Since the daily tables are only 360MB, I would hope that the entire table could be pulled into memory with one large sequential read. Of course this assumes that the file pieces are stored contiguously, but auto defrag is enabled and shows low fragmentation so Im trusting (as much as one can) Windows to do the right thing here. My drives have a 150MB/s sustained max throughput, and considering that data is spread across 5 drives I would hope to at least be able to reach the single disk theoretical limit and read an entire table plus the index into memory about 4 to 5 seconds. Based on the analyze output, each daily table averages 6 to 7 seconds, so Im pretty close there and maybe just limited by disk speed?

One thing to note is that your drive speed varies based on what part of the disk things are located at; the slower parts of the drive will be much less than 150MB/s.

On Linux servers it's impossible to reach something close to the disk's raw speed without making the operating system read-ahead feature much more aggressive than it is by default. Because PostgreSQL fetches a single block at a time, to keep the drive completely busy something has to notice the pattern of access and be reading data ahead of when the database even asks for it. You may find a parameter you can tune in the properties for the drives somewhere in the Windows Control Panel. And there's a read-ahead setting on your PERC card that's better than nothing you may not have turned on (not as good as the Linux one, but it's useful). There are two useful settings there ("on" and "adaptive" if I recall correctly) that you can try, to see which works better.

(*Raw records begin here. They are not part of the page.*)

lemma mem3_image_cover:
  assumes e: "regular_epi C e" "e \<in> hom C T M" and m: "m \<in> hom C M P3" "m \<cdot> e = g"
    and \<pi>: "\<pi>1 \<in> hom C P3 X1" "\<pi>2 \<in> hom C P3 X2" "\<pi>3 \<in> hom C P3 X3"
    and x: "x \<in> hom C S X1" and xyz: "mem3 C \<pi>1 \<pi>2 \<pi>3 m x y z"
  obtains S' f v where "regular_epi C f" "f \<in> hom C S' S" "v \<in> hom C S' T"
    "\<pi>1 \<cdot> (g \<cdot> v) = x \<cdot> f" "\<pi>2 \<cdot> (g \<cdot> v) = y \<cdot> f" "\<pi>3 \<cdot> (g \<cdot> v) = z \<cdot> f"
proof -
  obtain u where u: "u \<in> hom C S M" "\<pi>1 \<cdot> (m \<cdot> u) = x" "\<pi>2 \<cdot> (m \<cdot> u) = y" "\<pi>3 \<cdot> (m \<cdot> u) = z"
    using xyz x m(1) by (auto simp: mem3_def hom_def)
  obtain S' f v where f: "regular_epi C f" "f \<in> hom C S' S" and v: "v \<in> hom C S' T" "e \<cdot> v = u \<cdot> f"
    using regular_epi_pullback[OF e u(1)] .
  have "g \<cdot> v = m \<cdot> (u \<cdot> f)" using v e(2) m(1) by (simp add: hom_def flip: m(2))
  then show thesis
    using that[OF f v(1)] u(1) f(2) m(1) \<pi> by (simp add: hom_def flip: u(2-4))
qed

end

subsection \<open>Relations and generalized elements\<close>

locale regular_relations = regular_cat +
  fixes X P p1 p2
  assumes product: "is_product C X X P p1 p2"
begin

lemma projections: "p1 \<in> hom C P X" "p2 \<in> hom C P X"
  using product_arrows[OF product] by auto

definition in_rel where
  "in_rel r x y \<longleftrightarrow> (\<exists>u. u \<in> hom C (Dom C x) (Dom C r) \<and> p1 \<cdot> (r \<cdot> u) = x \<and> p2 \<cdot> (r \<cdot> u) = y)"

lemma in_relI:
  assumes "u \<in> hom C S R" "r \<in> hom C R P" "p1 \<cdot> (r \<cdot> u) = x" "p2 \<cdot> (r \<cdot> u) = y"
  shows "in_rel r x y"
proof -
  have "Dom C x = S" "Dom C r = R"
    using assms(1,2,3) comp_in_hom[OF comp_in_hom[OF assms(1,2)] projections(1)]
    by (auto simp: hom_def)
  with assms show ?thesis unfolding in_rel_def by blast
qed

lemma in_relE:
  assumes "in_rel r x y" "x \<in> hom C S X" "r \<in> hom C R P"
  obtains u where "u \<in> hom C S R" "p1 \<cdot> (r \<cdot> u) = x" "p2 \<cdot> (r \<cdot> u) = y"
  using assms that by (auto simp: in_rel_def hom_def)

lemma in_rel_comp:
  assumes "in_rel r x y" "x \<in> hom C S X" "r \<in> hom C R P" "g \<in> hom C S' S"
  shows "in_rel r (x \<cdot> g) (y \<cdot> g)"
proof -
  obtain u where u: "u \<in> hom C S R" "p1 \<cdot> (r \<cdot> u) = x" "p2 \<cdot> (r \<cdot> u) = y"
    using in_relE[OF assms(1-3)] .
  show ?thesis
  proof (rule in_relI[OF comp_in_hom[OF assms(4) u(1)] assms(3)])
    show "p1 \<cdot> (r \<cdot> (u \<cdot> g)) = x \<cdot> g" "p2 \<cdot> (r \<cdot> (u \<cdot> g)) = y \<cdot> g"
      unfolding u(2,3)[symmetric] using u(1) assms(3,4) projections by (simp_all add: hom_def)
  qed
qed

Ive read documentation that says I should be able to set statistics values for an entire table as opposed to per column, but havent found how to do that. I guess I was either too lazy to update statistics on each column or just didnt think it would help much.

You can adjust the statistics target across the entire database using the default_statistics_target setting, or you can tweak them per column using ALTER TABLE. There is no table-level control. I find it difficult to answer questions about whether there is enough stats or not without actually looking at pg_stats to see how the database is interpreting the data, and comparing it against the real distribution. This is an area where flailing about trying things doesn't work very well; you need to be very systematic about the analysis and testing strategy if you're going to get anywhere useful. It's not easy to do.

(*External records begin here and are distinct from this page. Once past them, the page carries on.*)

lemma lists_completing_edge:
  assumes "uniform_hypergraph k V E"
  shows "{ids. set ids \<subseteq> V \<and> length ids = k - 1 \<and> set (j # ids) \<in> E}
           = (\<Union>e\<in>{e\<in>E. j \<in> e}. permutations_of_set (e - {j}))"
proof (intro set_eqI iffI)
  fix ids assume ids: "ids \<in> {ids. set ids \<subseteq> V \<and> length ids = k - 1 \<and> set (j # ids) \<in> E}"
  then have card: "card (set (j # ids)) = k"
    using assms by (auto simp: uniform_hypergraph_def)
  then have "k \<noteq> 0" by (metis card_0_eq finite_set list.set_intros(1) empty_iff)
  with card ids have "distinct (j # ids)" by (intro card_distinct) auto
  with ids show "ids \<in> (\<Union>e\<in>{e\<in>E. j \<in> e}. permutations_of_set (e - {j}))"
    by (auto simp: permutations_of_set_def intro!: bexI[of _ "set (j # ids)"])
next
  fix ids assume "ids \<in> (\<Union>e\<in>{e\<in>E. j \<in> e}. permutations_of_set (e - {j}))"
  then obtain e where e: "e \<in> E" "j \<in> e" "set ids = e - {j}" "distinct ids"
    by (auto simp: permutations_of_set_def)
  then have "length ids = card e - 1"
    using uniform_hypergraph_finite_edges(2)[OF assms] by (simp add: distinct_card[symmetric])
  with e assms show "ids \<in> {ids. set ids \<subseteq> V \<and> length ids = k - 1 \<and> set (j # ids) \<in> E}"
    by (auto simp: uniform_hypergraph_def insert_absorb)
qed

lemma adj_tensor_sum_eq_edge_sum:
  assumes "uniform_hypergraph k V E"
  shows "(\<Sum>ids \<in> {ids. set ids \<subseteq> V \<and> length ids = k - 1}.
            adj_tensor k E (j # ids) * (\<Prod>i\<leftarrow>ids. x i)) = edge_sum E x j"
proof -
  have finE: "finite E" and fin: "\<And>e. e \<in> E \<Longrightarrow> finite e"
    using uniform_hypergraph_finite_edges[OF assms] by auto
  have card: "\<And>e. e \<in> E \<Longrightarrow> card e = k" using assms by (simp add: uniform_hypergraph_def)
  have "finite V" using assms by (simp add: uniform_hypergraph_def)
  then have "(\<Sum>ids \<in> {ids. set ids \<subseteq> V \<and> length ids = k - 1}.
                 adj_tensor k E (j # ids) * (\<Prod>i\<leftarrow>ids. x i))
      = (\<Sum>ids \<in> {ids. set ids \<subseteq> V \<and> length ids = k - 1 \<and> set (j # ids) \<in> E}.
                 adj_tensor k E (j # ids) * (\<Prod>i\<leftarrow>ids. x i))"
    by (intro sum.mono_neutral_right) (auto simp: adj_tensor_def finite_lists_length_eq)
  also have "\<dots> = (\<Sum>e\<in>{e\<in>E. j \<in> e}. \<Sum>ids\<in>permutations_of_set (e - {j}).
                      adj_tensor k E (j # ids) * (\<Prod>i\<leftarrow>ids. x i))"
    unfolding lists_completing_edge[OF assms] using finE
    by (intro sum.UNION_disjoint) (auto, auto simp: permutations_of_set_def)
  also have "\<dots> = (\<Sum>e\<in>{e\<in>E. j \<in> e}. \<Prod>v\<in>e - {j}. x v)"
  proof (rule sum.cong[OF refl])
    fix e assume e: "e \<in> {e\<in>E. j \<in> e}"
    have "adj_tensor k E (j # ids) * (\<Prod>i\<leftarrow>ids. x i) = (\<Prod>v\<in>e - {j}. x v) / fact (k - 1)"
      if "ids \<in> permutations_of_set (e - {j})" for ids
      using that e by (simp add: adj_tensor_def permutations_of_set_def insert_absorb
                          flip: prod.distinct_set_conv_list)
    moreover have "card (permutations_of_set (e - {j})) = fact (k - 1)"
      using e fin card by simp
    ultimately show "(\<Sum>ids\<in>permutations_of_set (e - {j}).
                        adj_tensor k E (j # ids) * (\<Prod>i\<leftarrow>ids. x i)) = (\<Prod>v\<in>e - {j}. x v)"
      by simp
  qed
  finally show ?thesis by (simp add: edge_sum_def)
qed
(* Let $\|\cdot\|$ be a norm on $\mathbb{R}^n$ and let $F:\mathbb{R}^n\to\mathbb{R}^n$ be continuous and strongly monotone with respect to $\|\cdot\|$. Then the set $\{x\in\mathbb{R}^n: F(x)=0\}$ consists of exactly one point.
   Context: A weak pairing (WP) on $\mathbb{R}^n$ is a map $[\![\cdot,\cdot]\!]:\mathbb{R}^n\times\mathbb{R}^n\to\mathbb{R}$ that is subadditive and continuous in its first argument, satisfies $[\![\alpha x,y]\!]=[\![x,\alpha y]\!]=\alpha[\![x,y]\!]$ for $\alpha\ge0$ and $[\![-x,-y]\!]=[\![x,y]\!]$, $[\![x,x]\!]>0$ for $x\ne0$, and $|[\![x,y]\!]|\le[\![x,x]\!]^{1/2}[\![y,y]\!]^{1/2}$; it is compatible with a norm if $[\![x,x]\!]=\|x\|^2$. WPs are assumed to also satisfy Deimling's inequality $[\![x,y]\!]\le\|y\|\lim_{h\to0^+}h^{-1}(\|y+hx\|-\|y\|)$ and the curve norm derivative formula ($\|x(t)\|D^+\|x(t)\|=[\![\dot x(t),x(t)]\!]$ a.e. for differentiable curves). $F$ is strongly monotone w.r.t. $\|\cdot\|$ if for some $c>0$ and some compatible WP, $-[\![-(F(x)-F(y)),x-y]\!]\ge c\|x-y\|^2$ for all $x,y$. *)

theory Defs
  imports "HOL-Analysis.Analysis"
begin

definition is_norm :: "(real ^ 'n \<Rightarrow> real) \<Rightarrow> bool" where
  "is_norm N \<longleftrightarrow>
     (\<forall>x. 0 \<le> N x) \<and> (\<forall>x. N x = 0 \<longleftrightarrow> x = 0) \<and>
     (\<forall>c x. N (c *\<^sub>R x) = \<bar>c\<bar> * N x) \<and>
     (\<forall>x y. N (x + y) \<le> N x + N y)"

definition weak_pairing :: "(real ^ 'n \<Rightarrow> real ^ 'n \<Rightarrow> real) \<Rightarrow> bool" where
  "weak_pairing WP \<longleftrightarrow>
     (\<forall>x1 x2 y. WP (x1 + x2) y \<le> WP x1 y + WP x2 y) \<and>
     (\<forall>y. continuous_on UNIV (\<lambda>x. WP x y)) \<and>
     (\<forall>a x y. a \<ge> 0 \<longrightarrow> WP (a *\<^sub>R x) y = a * WP x y \<and> WP x (a *\<^sub>R y) = a * WP x y) \<and>
     (\<forall>x y. WP (- x) (- y) = WP x y) \<and>
     (\<forall>x. x \<noteq> 0 \<longrightarrow> WP x x > 0) \<and>
     (\<forall>x y. \<bar>WP x y\<bar> \<le> sqrt (WP x x) * sqrt (WP y y))"

definition wp_compatible ::
  "(real ^ 'n \<Rightarrow> real ^ 'n \<Rightarrow> real) \<Rightarrow> (real ^ 'n \<Rightarrow> real) \<Rightarrow> bool" where
  "wp_compatible WP N \<longleftrightarrow> (\<forall>x. WP x x = (N x)\<^sup>2)"

definition deimling_ineq ::
  "(real ^ 'n \<Rightarrow> real ^ 'n \<Rightarrow> real) \<Rightarrow> (real ^ 'n \<Rightarrow> real) \<Rightarrow> bool" where
  "deimling_ineq WP N \<longleftrightarrow>
     (\<forall>x y. WP x y \<le> N y * Lim (at_right 0) (\<lambda>h. (N (y + h *\<^sub>R x) - N y) / h))"

definition curve_norm_derivative ::
  "(real ^ 'n \<Rightarrow> real ^ 'n \<Rightarrow> real) \<Rightarrow> (real ^ 'n \<Rightarrow> real) \<Rightarrow> bool" where
  "curve_norm_derivative WP N \<longleftrightarrow>
     (\<forall>x :: real \<Rightarrow> real ^ 'n. (\<forall>t. x differentiable (at t)) \<longrightarrow>
        (AE t in lborel.
           ereal (N (x t)) * Limsup (at_right 0) (\<lambda>h. ereal ((N (x (t + h)) - N (x t)) / h))
           = ereal (WP (vector_derivative x (at t)) (x t))))"

definition strongly_monotone ::
  "(real ^ 'n \<Rightarrow> real ^ 'n) \<Rightarrow> (real ^ 'n \<Rightarrow> real) \<Rightarrow> bool" where
  "strongly_monotone F N \<longleftrightarrow>
     (\<exists>c > 0. \<exists>WP. weak_pairing WP \<and> wp_compatible WP N \<and> deimling_ineq WP N \<and>
        curve_norm_derivative WP N \<and>
        (\<forall>x y. - WP (- (F x - F y)) (x - y) \<ge> c * (N (x - y))\<^sup>2))"

end

theory Submission
  imports Defs
begin

text \<open>Only compatibility and the Cauchy-Schwarz inequality of the weak pairing are needed:
  together with strong monotonicity they give \<open>c * N (x - y) \<le> N (F x - F y)\<close>.
  Since all norms on \<open>\<real>\<^sup>n\<close> are equivalent, \<open>F\<close> is then injective with closed range,
  and by invariance of domain its range is also open, hence all of \<open>\<real>\<^sup>n\<close>.\<close>

lemma is_norm_zero: "is_norm N \<Longrightarrow> N 0 = 0"
  unfolding is_norm_def by blast

lemma is_norm_uminus: "is_norm N \<Longrightarrow> N (- x) = N x"
  unfolding is_norm_def by (metis abs_minus_cancel abs_one mult_1 scaleR_minus1_left)

lemma is_norm_eq_norm_times_sgn: "is_norm N \<Longrightarrow> N x = norm x * N (sgn x)"
  unfolding is_norm_def sgn_div_norm by (cases "x = 0") auto

lemma is_norm_convex_on:
  fixes N :: "real ^ 'n \<Rightarrow> real"
  assumes N: "is_norm N"
  shows "convex_on UNIV N"
proof (rule convex_onI[OF _ convex_UNIV])
  fix t :: real and x y :: "real ^ 'n"
  assume t: "0 < t" "t < 1"
  have "N ((1 - t) *\<^sub>R x + t *\<^sub>R y) \<le> N ((1 - t) *\<^sub>R x) + N (t *\<^sub>R y)"
    using N unfolding is_norm_def by blast
  also have "\<dots> = (1 - t) * N x + t * N y"
    using N t unfolding is_norm_def by simp
  finally show "N ((1 - t) *\<^sub>R x + t *\<^sub>R y) \<le> (1 - t) * N x + t * N y" .
qed

lemma is_norm_continuous_on: "is_norm N \<Longrightarrow> continuous_on UNIV N"
  by (rule convex_on_continuous[OF open_UNIV is_norm_convex_on])

lemma is_norm_equivalent_norm:
  fixes N :: "real ^ 'n \<Rightarrow> real"
  assumes N: "is_norm N"
  obtains m M where "0 < m" "\<And>x. m * norm x \<le> N x" "\<And>x. N x \<le> M * norm x"
proof -
  have "sphere 0 1 \<noteq> ({} :: (real ^ 'n) set)"
    using vector_choose_size[of 1] by auto
  then obtain z w :: "real ^ 'n" where z: "z \<in> sphere 0 1"
    and bounds: "\<And>u. u \<in> sphere 0 1 \<Longrightarrow> N z \<le> N u \<and> N u \<le> N w"
    using continuous_attains_inf[OF compact_sphere _ continuous_on_subset]
      continuous_attains_sup[OF compact_sphere _ continuous_on_subset]
      is_norm_continuous_on[OF N] by (metis subset_UNIV)
  have "0 < N z"
    using N z unfolding is_norm_def by (metis less_eq_real_def mem_sphere_0 norm_zero zero_neq_one)
  moreover have "N z * norm x \<le> N x \<and> N x \<le> N w * norm x" for x
  proof (cases "x = 0")
    case True
    then show ?thesis using is_norm_zero[OF N] by simp
  next
    case False
    then have "N z \<le> N (sgn x) \<and> N (sgn x) \<le> N w"
      using bounds by (simp add: norm_sgn)
    then show ?thesis
      using is_norm_eq_norm_times_sgn[OF N, of x] by (metis mult.commute mult_right_mono norm_ge_zero)
  qed
  ultimately show thesis using that by blast
qed

lemma weak_pairing_abs_le:
  assumes "weak_pairing WP" "wp_compatible WP N" "is_norm N"
  shows "\<bar>WP u v\<bar> \<le> N u * N v"
proof -
  have "\<bar>WP u v\<bar> \<le> sqrt (WP u u) * sqrt (WP v v)"
    using assms(1) unfolding weak_pairing_def by blast
  also have "\<dots> = N u * N v"
    using assms(2,3) unfolding wp_compatible_def is_norm_def by simp
  finally show ?thesis .
qed

lemma strongly_monotone_expanding:
  assumes N: "is_norm N" and F: "strongly_monotone F N"
  obtains c where "0 < c" "\<And>x y. c * N (x - y) \<le> N (F x - F y)"
proof -
  obtain c WP where c: "0 < c" and WP: "weak_pairing WP" "wp_compatible WP N"
    and mono: "\<And>x y. c * (N (x - y))\<^sup>2 \<le> - WP (- (F x - F y)) (x - y)"
    using F unfolding strongly_monotone_def by blast
  have "c * N (x - y) \<le> N (F x - F y)" for x y
  proof (cases "x = y")
    case True
    then show ?thesis using is_norm_zero[OF N] by simp
  next
    case False
    then have pos: "0 < N (x - y)"
      using N unfolding is_norm_def by (metis less_eq_real_def right_minus_eq)
    have "c * N (x - y) * N (x - y) \<le> N (- (F x - F y)) * N (x - y)"
      using mono[of x y] weak_pairing_abs_le[OF WP N, of "- (F x - F y)" "x - y"]
      by (simp only: power2_eq_square mult.assoc)
    then show ?thesis
      using pos is_norm_uminus[OF N, of "F x - F y"] by simp
  qed
  then show thesis using that c by blast
qed

lemma strongly_monotone_dist_expanding:
  fixes F :: "real ^ 'n \<Rightarrow> real ^ 'n"
  assumes N: "is_norm N" and F: "strongly_monotone F N"
  obtains k where "0 < k" "\<And>x y. k * dist x y \<le> dist (F x) (F y)"
proof -
  obtain c where c: "0 < c" and exp: "\<And>x y. c * N (x - y) \<le> N (F x - F y)"
    using strongly_monotone_expanding[OF N F] by blast
  obtain m M where m: "0 < m" and lower: "\<And>x. m * norm x \<le> N x"
    and upper: "\<And>x. N x \<le> M * norm x"
    using is_norm_equivalent_norm[OF N] by blast
  have M: "0 < M"
    using lower[of "axis undefined 1"] upper[of "axis undefined 1"] m by simp
  have "c * m / M * dist x y \<le> dist (F x) (F y)" for x y
  proof -
    have "c * m * norm (x - y) \<le> M * norm (F x - F y)"
      using lower[of "x - y"] upper[of "F x - F y"] exp[of x y] c
      by (smt (verit) mult.assoc mult_left_mono)
    then show ?thesis
      using M by (simp add: dist_norm field_simps)
  qed
  moreover have "0 < c * m / M"
    using c m M by simp
  ultimately show thesis using that by blast
qed

lemma expanding_imp_inj:
  fixes f :: "'a::metric_space \<Rightarrow> 'b::metric_space"
  assumes "0 < k" "\<And>x y. k * dist x y \<le> dist (f x) (f y)"
  shows "inj f"
  by (rule injI) (metis assms mult_le_0_iff not_le zero_less_dist_iff dist_self)

lemma expanding_imp_closed_range:
  fixes f :: "'a::complete_space \<Rightarrow> 'b::metric_space"
  assumes f: "continuous_on UNIV f" and k: "0 < k"
    and exp: "\<And>x y. k * dist x y \<le> dist (f x) (f y)"
  shows "closed (range f)"
  unfolding closed_sequential_limits
proof (intro allI impI, elim conjE)
  fix y l
  assume "\<forall>n. y n \<in> range f" and lim: "y \<longlonglongrightarrow> l"
  then obtain x where y: "y = f \<circ> x"
    by (metis comp_apply image_iff ext)
  have "Cauchy x"
  proof (rule metric_CauchyI)
    fix e :: real
    assume "0 < e"
    then obtain M where M: "\<And>p q. M \<le> p \<Longrightarrow> M \<le> q \<Longrightarrow> dist (y p) (y q) < k * e"
      using metric_CauchyD[OF LIMSEQ_imp_Cauchy[OF lim]] k by (meson mult_pos_pos)
    have "dist (x p) (x q) < e" if "M \<le> p" "M \<le> q" for p q
      using M[OF that] exp[of "x p" "x q"] k y
      by (metis comp_apply le_less_trans mult_less_cancel_left_pos)
    then show "\<exists>M. \<forall>p\<ge>M. \<forall>q\<ge>M. dist (x p) (x q) < e" by blast
  qed
  then obtain a where "x \<longlonglongrightarrow> a"
    using Cauchy_convergent_iff convergent_def by blast
  then have "y \<longlonglongrightarrow> f a"
    using continuous_on_tendsto_compose[OF f] y by (simp add: o_def)
  then show "l \<in> range f"
    using lim LIMSEQ_unique by blast
qed

lemma continuous_expanding_imp_bij:
  fixes f :: "'a \<Rightarrow> 'a::euclidean_space"
  assumes f: "continuous_on UNIV f" and k: "0 < k"
    and exp: "\<And>x y. k * dist x y \<le> dist (f x) (f y)"
  shows "bij f"
proof (rule bijI)
  show "inj f"
    using expanding_imp_inj k exp by blast
  then have "open (range f)"
    using invariance_of_domain[OF f open_UNIV] by simp
  moreover have "closed (range f)"
    using expanding_imp_closed_range[OF f k exp] .
  ultimately show "surj f"
    using clopen[of "range f"] by auto
qed

theorem lemma24:
  fixes N :: "real ^ 'n \<Rightarrow> real" and F :: "real ^ 'n \<Rightarrow> real ^ 'n"
  assumes "is_norm N"
    and "continuous_on UNIV F"
    and "strongly_monotone F N"
  shows "\<exists>x0. {x. F x = 0} = {x0}"
proof -
  obtain k where "0 < k" "\<And>x y. k * dist x y \<le> dist (F x) (F y)"
    using strongly_monotone_dist_expanding[OF assms(1,3)] by blast
  then have "bij F"
    using continuous_expanding_imp_bij[OF assms(2)] by blast
  then have "{x. F x = 0} = {inv F 0}"
    using bij_inv_eq_iff by fastforce
  then show ?thesis by blast
qed

end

As a larger commentary on what you're trying to do, applications like this often find themselves at a point one day where you just can't allow arbitrary user queries to run against them anymore. What normally happens then is that the most common things that people really need end up being run one and stored in some summary form, using techniques such as materialized views: http://wiki.postgresql.org/wiki/Materialized_Views

In your case, I would start now on trying to find the common patters to the long running reports that people generate, and see if it's possible to pre-compute some portion of them and save that summary. And you may find yourself in a continuous battle with business requests regardless. It's often key decision makers who feel they should be able to query any way they want, regardless of its impact on the database. Finding a middle ground there is usually challenging.